$MNTA biosimilar humira equivalency abstract for ACR.
Abstract Number: 605
Assessment of Comparative Immunogenicity in Biosimilar Development: Immunogenicity and Pharmacokinetics Following a Single Dose of M923, a Proposed Biosimilar for Reference Adalimumab (HUMIRA®), Compared with US- and EU-Sourced Reference Adalimumab in Healthy Subjects
Jan Hillson1, Tim Mant2, Tanmoy Ganguly3, William Avery3, Molly Rosano3, Carolyn Huntenburg3, Donna Palmer4, Siddesh Darne4, Borislava Pavlova4, Jennifer Doralt4, Russell Reeve5, Niti Goel5, Doris Weilert5, Paul Rhyne6, John Caminis4 and James Roach3, 1Clinical Research, Momenta Pharmaceuticals, Inc., Cambridge, MA, 2Quintiles Drug Research Unit at Guy's Hospital, London, London, United Kingdom, 3Momenta Pharmaceuticals, Inc., Cambridge, MA, 4Shire, Cambridge, MA, 5Quintiles, Inc., Durham, NC, 6Q2 Solutions, Marietta, GA
Meeting: 2016 ACR/ARHP Annual Meeting
Date: Sunday, November 13, 2016
Session Title: Rheumatoid Arthritis – Small Molecules, Biologics and Gene Therapy - Poster I
Session Type: ACR Poster Session A
Session Time: 9:00AM-11:00AM
Background/Purpose: M923 (BAX923), which is jointly being developed by Momenta and Baxalta, is a proposed biosimilar of reference adalimumab.

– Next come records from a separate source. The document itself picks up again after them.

lemma bary_vertices [simp]:
  "bary_a a b c a = 1" "bary_b a b c a = 0" "bary_c a b c a = 0"
  "bary_a a b c b = 0" "bary_b a b c b = 1" "bary_c a b c b = 0"
  "bary_a a b c c = 0" "bary_b a b c c = 0" "bary_c a b c c = 1"
  using bary_unique[of 1 0 0 a] bary_unique[of 0 1 0 b] bary_unique[of 0 0 1 c] by simp_all

lemma bary_affine:
  "bary_a a b c ((1 - u) *\<^sub>R p + u *\<^sub>R q) = (1 - u) * bary_a a b c p + u * bary_a a b c q"
  "bary_b a b c ((1 - u) *\<^sub>R p + u *\<^sub>R q) = (1 - u) * bary_b a b c p + u * bary_b a b c q"
  "bary_c a b c ((1 - u) *\<^sub>R p + u *\<^sub>R q) = (1 - u) * bary_c a b c p + u * bary_c a b c q"
proof -
  have decomp: "(1 - u) *\<^sub>R p + u *\<^sub>R q
      = ((1 - u) * bary_a a b c p + u * bary_a a b c q) *\<^sub>R a
      + ((1 - u) * bary_b a b c p + u * bary_b a b c q) *\<^sub>R b
      + ((1 - u) * bary_c a b c p + u * bary_c a b c q) *\<^sub>R c"
  proof -
    have "(1 - u) *\<^sub>R p + u *\<^sub>R q
        = (1 - u) *\<^sub>R (bary_a a b c p *\<^sub>R a + bary_b a b c p *\<^sub>R b + bary_c a b c p *\<^sub>R c)
        + u *\<^sub>R (bary_a a b c q *\<^sub>R a + bary_b a b c q *\<^sub>R b + bary_c a b c q *\<^sub>R c)"
      by (simp only: bary_decomp[symmetric])
    then show ?thesis by (simp add: algebra_simps)
  qed
  have sum: "((1 - u) * bary_a a b c p + u * bary_a a b c q)
      + ((1 - u) * bary_b a b c p + u * bary_b a b c q)
      + ((1 - u) * bary_c a b c p + u * bary_c a b c q) = 1"
    by (simp add: bary_a_def algebra_simps)
  show
    "bary_a a b c ((1 - u) *\<^sub>R p + u *\<^sub>R q) = (1 - u) * bary_a a b c p + u * bary_a a b c q"
    "bary_b a b c ((1 - u) *\<^sub>R p + u *\<^sub>R q) = (1 - u) * bary_b a b c p + u * bary_b a b c q"
    "bary_c a b c ((1 - u) *\<^sub>R p + u *\<^sub>R q) = (1 - u) * bary_c a b c p + u * bary_c a b c q"
    using bary_unique[OF sum decomp] by simp_all
qed

end

lemma bary_rotate:
  assumes "\<not> collinear {a, b, c}"
  shows "bary_a b c a p = bary_b a b c p" "bary_b b c a p = bary_c a b c p"
    "bary_c b c a p = bary_a a b c p"
proof -
  have "\<not> collinear {b, c, a}" using assms by (simp add: insert_commute)
  moreover have "bary_b a b c p + bary_c a b c p + bary_a a b c p = 1"
    using bary_sum[of a b c p] by simp
  moreover have "p = bary_b a b c p *\<^sub>R b + bary_c a b c p *\<^sub>R c + bary_a a b c p *\<^sub>R a"
    using bary_decomp[OF assms, of p] by (simp add: algebra_simps)
  ultimately show "bary_a b c a p = bary_b a b c p" "bary_b b c a p = bary_c a b c p"
    "bary_c b c a p = bary_a a b c p"
    by (simp_all add: bary_unique)
qed

section \<open>The cells cut out by the midlines\<close>

lemma line_through_midpoints:
  assumes "\<not> collinear {a, b, c}"
  shows "line_through (midpoint a c) (midpoint a b) = {p. bary_a a b c p = 1/2}"
proof (intro equalityI subsetI)
  fix p assume "p \<in> line_through (midpoint a c) (midpoint a b)"
  then obtain u v where "u + v = 1" "p = u *\<^sub>R midpoint a c + v *\<^sub>R midpoint a b"
    by (auto simp: line_through_def affine_hull_2)
  then have "1/2 + v/2 + u/2 = 1" "p = (1/2) *\<^sub>R a + (v/2) *\<^sub>R b + (u/2) *\<^sub>R c"
    by (auto simp: midpoint_def algebra_simps simp flip: scaleR_add_left add_divide_distrib)
  then show "p \<in> {p. bary_a a b c p = 1/2}" using bary_unique[OF assms] by simp
next
  fix p assume "p \<in> {p. bary_a a b c p = 1/2}"
  then have "bary_b a b c p + bary_c a b c p = 1/2"
    and "bary_a a b c p = bary_b a b c p + bary_c a b c p"
    using bary_sum[of a b c p] by simp_all
  then have "p = (bary_b a b c p + bary_c a b c p) *\<^sub>R a + bary_b a b c p *\<^sub>R b + bary_c a b c p *\<^sub>R c"
    using bary_decomp[OF assms, of p] by simp
  then have "p = (2 * bary_c a b c p) *\<^sub>R midpoint a c + (2 * bary_b a b c p) *\<^sub>R midpoint a b"
    by (simp add: midpoint_def algebra_simps)
  moreover have "2 * bary_c a b c p + 2 * bary_b a b c p = 1"
    using \<open>bary_b a b c p + bary_c a b c p = 1/2\<close> by simp
  ultimately show "p \<in> line_through (midpoint a c) (midpoint a b)"
    unfolding line_through_def affine_hull_2 by blast
qed

lemma midlines_eq:
  assumes "\<not> collinear {a, b, c}"
  shows "midlines a b c = {p. bary_a a b c p = 1/2 \<or> bary_b a b c p = 1/2 \<or> bary_c a b c p = 1/2}"
proof -
  have bca: "\<not> collinear {b, c, a}" and cab: "\<not> collinear {c, a, b}"
    using assms by (simp_all add: insert_commute)
  have "line_through (midpoint a b) (midpoint b c) = {p. bary_b a b c p = 1/2}"
    using line_through_midpoints[OF bca] by (simp add: bary_rotate[OF assms] midpoint_sym)
  moreover have "line_through (midpoint b c) (midpoint a c) = {p. bary_c a b c p = 1/2}"
    using line_through_midpoints[OF cab] by (simp add: bary_rotate[OF bca] bary_rotate[OF assms] midpoint_sym)
  ultimately show ?thesis
    using line_through_midpoints[OF assms] by (auto simp: midlines_def Let_def)
qed

definition half_line :: "bool \<Rightarrow> real set" where
  "half_line s = (if s then {1/2<..} else {..<1/2})"

definition closed_half_line :: "bool \<Rightarrow> real set" where
  "closed_half_line s = (if s then {1/2..} else {..1/2})"

lemma mem_half_line_iff: "x \<in> half_line s \<longleftrightarrow> x \<noteq> 1/2 \<and> s = (1/2 < x)"
  by (auto simp: half_line_def)

lemma half_line_subset_closed: "half_line s \<subseteq> closed_half_line s"
  by (auto simp: half_line_def closed_half_line_def)

lemma convex_half_line: "convex (half_line s)"
  by (simp add: half_line_def)

lemma segment_into_half_line:
  assumes "x \<in> closed_half_line s" "y \<in> half_line s" "0 < t" "t \<le> 1"
  shows "(1 - t) * x + t * y \<in> half_line s"
proof -
  have "(1 - t) * x + t * y - 1/2 = (1 - t) * (x - 1/2) + t * (y - 1/2)"
    by (simp add: field_simps)
  moreover have "0 \<le> (1 - t) * (x - 1/2) \<and> 0 < t * (y - 1/2)" if "s"
    using assms that by (simp add: half_line_def closed_half_line_def)
  moreover have "(1 - t) * (x - 1/2) \<le> 0 \<and> t * (y - 1/2) < 0" if "\<not> s"
    using assms that by (simp add: half_line_def closed_half_line_def mult_nonneg_nonpos mult_pos_neg)
  ultimately show ?thesis by (cases s) (auto simp: half_line_def)
qed

lemma half_line_witness:
  assumes "\<not> (s1 \<and> s2 \<and> s3)"
  shows "\<exists>x y z. x + y + z = 1 \<and> x \<in> half_line s1 \<and> y \<in> half_line s2 \<and> z \<in> half_line s3"
proof -
  \<comment> \<open>coordinates marked True are 1; the other 3 - k share the remaining 1 - k equally\<close>
  define k :: real where "k = of_bool s1 + of_bool s2 + of_bool s3"
  define w where "w s = (if s then 1 else (1 - k) / (3 - k))" for s
  show ?thesis
    using assms
    by (intro exI[of _ "w s1"] exI[of _ "w s2"] exI[of _ "w s3"])
      (cases s1; cases s2; cases s3; simp add: w_def k_def half_line_def)
qed

text \<open>A sign pattern records which barycentric coordinates exceed 1/2; all three cannot,
  since they sum to 1.\<close>

type_synonym sign_pattern = "bool \<times> bool \<times> bool"

fun midline_cell :: "real^2 \<Rightarrow> real^2 \<Rightarrow> real^2 \<Rightarrow> sign_pattern \<Rightarrow> (real^2) set" where
  "midline_cell a b c (s1, s2, s3) =
     bary_a a b c -` half_line s1 \<inter> bary_b a b c -` half_line s2 \<inter> bary_c a b c -` half_line s3"

fun closed_midline_cell :: "real^2 \<Rightarrow> real^2 \<Rightarrow> real^2 \<Rightarrow> sign_pattern \<Rightarrow> (real^2) set" where
  "closed_midline_cell a b c (s1, s2, s3) = bary_a a b c -` closed_half_line s1
     \<inter> bary_b a b c -` closed_half_line s2 \<inter> bary_c a b c -` closed_half_line s3"

definition cell_patterns :: "sign_pattern set" where
  "cell_patterns = - {(True, True, True)}"

definition corner_patterns :: "sign_pattern set" where
  "corner_patterns = {(True, False, False), (False, True, False), (False, False, True)}"

lemma card_cell_patterns: "card cell_patterns = 7"
  by (simp add: cell_patterns_def Compl_eq_Diff_UNIV card_Diff_singleton card_UNIV_bool)

lemma open_midline_cell: "open (midline_cell a b c s)"
proof -
  have "open (half_line s')" for s' by (simp add: half_line_def)
  then show ?thesis
    by (cases s) (simp only: midline_cell.simps, intro open_Int continuous_open_vimage isCont_bary)
qed

lemma closed_closed_midline_cell: "closed (closed_midline_cell a b c s)"
proof -
  have "closed (closed_half_line s')" for s' by (simp add: closed_half_line_def)
  then show ?thesis
    by (cases s) (simp only: closed_midline_cell.simps, intro closed_Int continuous_closed_vimage isCont_bary)
qed

context
  fixes a b c :: "real^2"
  assumes not_collinear: "\<not> collinear {a, b, c}"
begin

lemma convex_midline_cell: "convex (midline_cell a b c s)"
proof (cases s)
  case (fields s1 s2 s3)
  show ?thesis
    unfolding fields convex_alt
    using convexD_alt[OF convex_half_line] by (auto simp: bary_affine[OF not_collinear])
qed

lemma mem_midline_cell_iff:
  "p \<in> midline_cell a b c s \<longleftrightarrow>
     p \<notin> midlines a b c \<and> s = (1/2 < bary_a a b c p, 1/2 < bary_b a b c p, 1/2 < bary_c a b c p)"
  by (cases s) (auto simp: midlines_eq[OF not_collinear] mem_half_line_iff)

lemma Union_midline_cells: "\<Union> (midline_cell a b c ` cell_patterns) = - midlines a b c"
proof -
  have "(1/2 < bary_a a b c p, 1/2 < bary_b a b c p, 1/2 < bary_c a b c p) \<in> cell_patterns" for p
    using bary_sum[of a b c p] by (auto simp: cell_patterns_def)
  then show ?thesis by (auto simp del: midline_cell.simps simp: mem_midline_cell_iff)
qed

lemma midline_cell_nonempty:
  assumes "s \<in> cell_patterns"
  shows "midline_cell a b c s \<noteq> {}"
proof (cases s)
  case (fields s1 s2 s3)
  then have "\<not> (s1 \<and> s2 \<and> s3)" using assms by (simp add: cell_patterns_def)
  then obtain x y z where "x + y + z = 1"
    and "x \<in> half_line s1" "y \<in> half_line s2" "z \<in> half_line s3"
    using half_line_witness by blast
  then have "x *\<^sub>R a + y *\<^sub>R b + z *\<^sub>R c \<in> midline_cell a b c s"
    by (simp add: fields bary_unique[OF not_collinear])
  then show ?thesis by blast
qed

lemma closure_midline_cell:
  assumes "s \<in> cell_patterns"
  shows "closure (midline_cell a b c s) = closed_midline_cell a b c s"
proof
  have "midline_cell a b c s \<subseteq> closed_midline_cell a b c s"
    using half_line_subset_closed by (cases s) auto
  then show "closure (midline_cell a b c s) \<subseteq> closed_midline_cell a b c s"
    by (intro closure_minimal closed_closed_midline_cell)
  obtain q where q: "q \<in> midline_cell a b c s"
    using midline_cell_nonempty[OF assms] by blast
  show "closed_midline_cell a b c s \<subseteq> closure (midline_cell a b c s)"
  proof
    fix p assume p: "p \<in> closed_midline_cell a b c s"
    show "p \<in> closure (midline_cell a b c s)"
    proof (cases "p = q")
      case True
      then show ?thesis using q closure_subset by blast
    next
      case False
      have "open_segment p q \<subseteq> midline_cell a b c s"
      proof
        fix r assume "r \<in> open_segment p q"
        then obtain t where "0 < t" "t < 1" "r = (1 - t) *\<^sub>R p + t *\<^sub>R q"
          by (auto simp: in_segment)
        then show "r \<in> midline_cell a b c s"
          using p q
          by (cases s) (auto simp: bary_affine[OF not_collinear] intro!: segment_into_half_line)
      qed
      then have "closure (open_segment p q) \<subseteq> closure (midline_cell a b c s)"
        by (rule closure_mono)
      then show ?thesis
        using False ends_in_segment(1)[of p q] by auto
    qed
  qed
qed
(* Let $E$ be a (Hausdorff, real) topological vector space and let $A\subseteq E$ be an infinite, linearly independent, absolutely Cauchy summable subset. Then $A$ contains an infinite subset $B$ such that for every finite set $C\subseteq B$ the projection $\pi^B_C:\mathrm{span}_{\mathbb R}(B)\to\mathrm{span}_{\mathbb R}(C)$ is continuous.
   Context: $\mathrm{span}_{\mathbb R}(X)$ denotes the linear span of $X$, with the subspace topology from $E$. For a linearly independent set $B$ and $C\subseteq B$, $\pi^B_C:\mathrm{span}_{\mathbb R}(B)\to\mathrm{span}_{\mathbb R}(C)$ is the unique linear projection with kernel $\mathrm{span}_{\mathbb R}(B\setminus C)$ which is the identity on $\mathrm{span}_{\mathbb R}(C)$. A subset $A\subseteq E$ is absolutely Cauchy summable if for every neighbourhood $U$ of $0$ there is a finite $F\subseteq A$ such that the additive subgroup generated by $A\setminus F$ is contained in $U$. *)

theory Defs
  imports "HOL-Analysis.Analysis"
begin

definition add_subgroup_gen :: "'a::ab_group_add set \<Rightarrow> 'a set" where
  "add_subgroup_gen S = \<Inter>{G. S \<subseteq> G \<and> 0 \<in> G \<and> (\<forall>x\<in>G. \<forall>y\<in>G. x - y \<in> G)}"

text \<open>Absolutely Cauchy summable: for every neighbourhood U of 0 there is a finite
  F \<subseteq> A such that the additive subgroup generated by A - F lies in U.
  (It suffices to quantify over open neighbourhoods, since the condition is monotone in U.)\<close>
definition abs_cauchy_summable :: "'a::{real_vector,topological_space} set \<Rightarrow> bool" where
  "abs_cauchy_summable A \<longleftrightarrow>
     (\<forall>U. open U \<and> 0 \<in> U \<longrightarrow> (\<exists>F. finite F \<and> F \<subseteq> A \<and> add_subgroup_gen (A - F) \<subseteq> U))"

Reference adalimumab is recognized to elicit antidrug antibodies (ADAs; seroconversion) in a significant proportion of patients, with a potential negative impact on efficacy. Host factors, including nature of the disease and background immunosuppressive therapy, are associated with the frequency of seroconversion. Normal healthy volunteers provide a relatively homogeneous and sensitive population in which to assess the relative immunogenicity of M923 and reference adalimumab with a focus on factors that are inherent to the products.
Methods: 324 healthy volunteers were randomized 1:1:1 to receive a single 40 mg dose of M923, US-sourced reference adalimumab, or EU-sourced reference adalimumab by subcutaneous injection then followed for 10 weeks, during which serum concentration of adalimumab and ADAs were recorded. Samples were screened for antibodies to M923, then confirmed for binding, sequentially, to EU reference adalimumab, US reference adalimumab, and M923. Samples positive on any confirmation assay were assessed for titer, neutralizing capacity (nADAs), and the presence of ADAs of IgE isotype. Bioequivalence of primary PK endpoints (Cmax, AUC0-inf , and AUC0-336) was assessed in the primary analysis set (all evaluable subjects), and explored in subsets characterized by ADA and nADA status.
Results: The incidence, titer, time to emergence of ADAs, and proportion with nADAs were similar across groups (proportion of subjects with confirmed ADAs/nADAs positive titers: M923 = 78.0%/16.5%; US reference adalimumab = 80.6%/27.8%; EU reference adalimumab = 78.5%/20.6%). Presence of high titer nADAs was also associated with presence of IgE ADAs and with a reduction in exposure. PK bioequivalence, defined as 90% confidence intervals (CIs) for the geometric least squares mean ratios for all comparisons were within the confidence bounds of 80.00 to 125.00%, was achieved for all primary PK endpoints. Specifically, for the comparison of M923 with US reference adalimumab, the geometric LS mean ratios (90% CI) were Cmax = 102.58 (97.31-108.14); AUC0-inf = 104.20 (96.47-112.54); and AUC0-336 = 102.94 (97.88-108.27); similar results were observed for comparisons of M923 with EU reference adalimumab, and between US and EU reference adalimumab.
Conclusion: M923, demonstrated equivalent PK and comparable immunogenicity relative to both US- and EU-sourced reference adalimumab following administration of a single dose in normal healthy volunteers. Seroconversion and nADA formation were sufficiently frequent to support a robust comparison of immunogenicity and assessment of impact of ADA formation on PK.
Disclosure: J. Hillson, Momenta, 3,Momenta, 1; T. Mant, Quintiles Inc, 3; T. Ganguly, Momenta, 3; W. Avery, Momenta Pharmaceuticals, 3; M. Rosano, Momenta, 3; C. Huntenburg, Momenta, 3; D. Palmer, Shire, 3; S. Darne, Shire, 3; B. Pavlova, Shire, 3; J. Doralt, Shire, 3; R. Reeve, Quintiles, 3; N. Goel, Quintiles, 3; D. Weilert, Quintiles, 3; P. Rhyne, Q2 Solutions, 3; J. Caminis, Shire, 3; J. Roach, Momenta, 3.